Laqueur, Walter Z. The Terrible Secret: Suppression of the Truth About Hitler's Final Solution.
Boston: Little, Brown and Co., 1980.
The Terrible Secret is a work that seeks to answer the questions of what was known about
the Final Solution and why it was not believed by the public at the time. The documentation is
from a mixture of primary and secondary sources. Most of the primary sources are records from
the Nuremberg trials or newspaper accounts. Laqueur also uses personal correspondence but
complains, however, that correspondence is a tricky source at best; just because a letter was
written does not mean that its information was widely disseminated during the war. Secondly,
there is a lack of documentation about oral reports or rumors that passed among people. Laqueur
also includes an appendix that contains American State Department and British Foreign Office
material concerning the extermination of the Jews.
Laqueur first attacks the idea that there was a wall of silence in Germany about the
extermination. He makes it clear that the Germans knew something was happening to the Jews
of Europe and that they were going to the East in unprecedented numbers. They possibly did not
know about the slaughter per se, but there more than enough rumors and speculations going on.
Laqueur then describes the contact and knowledge that neutral countries had and goes on to
describe the reaction of the Allied governments during the war.
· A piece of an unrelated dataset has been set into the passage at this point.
(* Let $\rho$ be a positive semidefinite matrix on $\mathbb{C}^M\otimes\mathbb{C}^N$ of rank $r$, with spectral-type decomposition $\rho=\sum_{l=1}^r|\Psi_l\rangle\langle\Psi_l|$ ($|\Psi_l\rangle=\sqrt{\lambda_l}|\psi_l\rangle$, $\lambda_l>0$ the eigenvalues, $|\psi_l\rangle$ orthonormal eigenvectors), and let $\rho=\sum_{k=1}^K|\Phi_k\rangle\langle\Phi_k|$ be another decomposition into $K\ge r$ rank-one terms. Let $w_{mn}\in\mathbb{C}^r$ and $w'_{mn}\in\mathbb{C}^K$ ($m=1,\dots,M$, $n=1,\dots,N$) be the corresponding Gram vectors, $w_{mn}^l=\langle\Psi_l|e_m\otimes f_n\rangle$, $w'^{\,k}_{mn}=\langle\Phi_k|e_m\otimes f_n\rangle$. Suppose $v_1,\dots,v_N\in\mathbb{C}^r$ are linearly independent and $F_1,\dots,F_M:\mathbb{C}^r\to\mathbb{C}^r$ are linear maps with $w_{mn}=F_mv_n$ for all $m,n$, and suppose $v'_1,\dots,v'_N\in\mathbb{C}^K$ are linearly independent and $F'_1,\dots,F'_M:\mathbb{C}^K\to\mathbb{C}^K$ are linear maps with $w'_{mn}=F'_mv'_n$ for all $m,n$. Then there exist $K\times r$ matrices $V$ and $\tilde V$, with $V^\dagger V=I_r$ and $\tilde V$ of rank $r$, such that $V^\dagger F'_m\tilde V v=F_m v$ for every $m=1,\dots,M$ and every $v\in\operatorname{span}\{v_1,\dots,v_N\}$.
   Context: $\{|e_m\rangle\}_{m=1}^M$ and $\{|f_n\rangle\}_{n=1}^N$ are fixed orthonormal bases of $\mathbb{C}^M$ and $\mathbb{C}^N$. The scalar product on $\mathbb{C}^K$ is $\langle u,v\rangle=\sum_l\overline{u^l}v^l$. A family of vectors $\{w_{mn}\}\subset\mathbb{C}^K$ is a Gram system for $\rho$ if $\rho_{ij,mn}:=\langle e_i\otimes f_j|\rho|e_m\otimes f_n\rangle=\langle w_{ij},w_{mn}\rangle$ for all $i,j,m,n$; the vectors defined in the claim are Gram systems for $\rho$. *)

theory Defs
  imports "Jordan_Normal_Form.Schur_Decomposition" "Jordan_Normal_Form.DL_Rank"
begin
It is interesting to note that
Laqueur also focuses on the time period from the invasion of the USSR until December, 1942, in
his work.

His reasoning is that the extermination began with the operations of the

Einsatzgruppen in the Ukraine before the usual crucial date of the Wannsee conference of 20
January 1942. The slaughter was mostly over by the end of 1942.

Laqueur's conclusion is that there was a decided lack of interest in the issue by the Allied
governments. It was not crucial to their war effort and in many instances the populace did not
believe the stories that came out of Europe because of wild tales of German atrocities on WW1.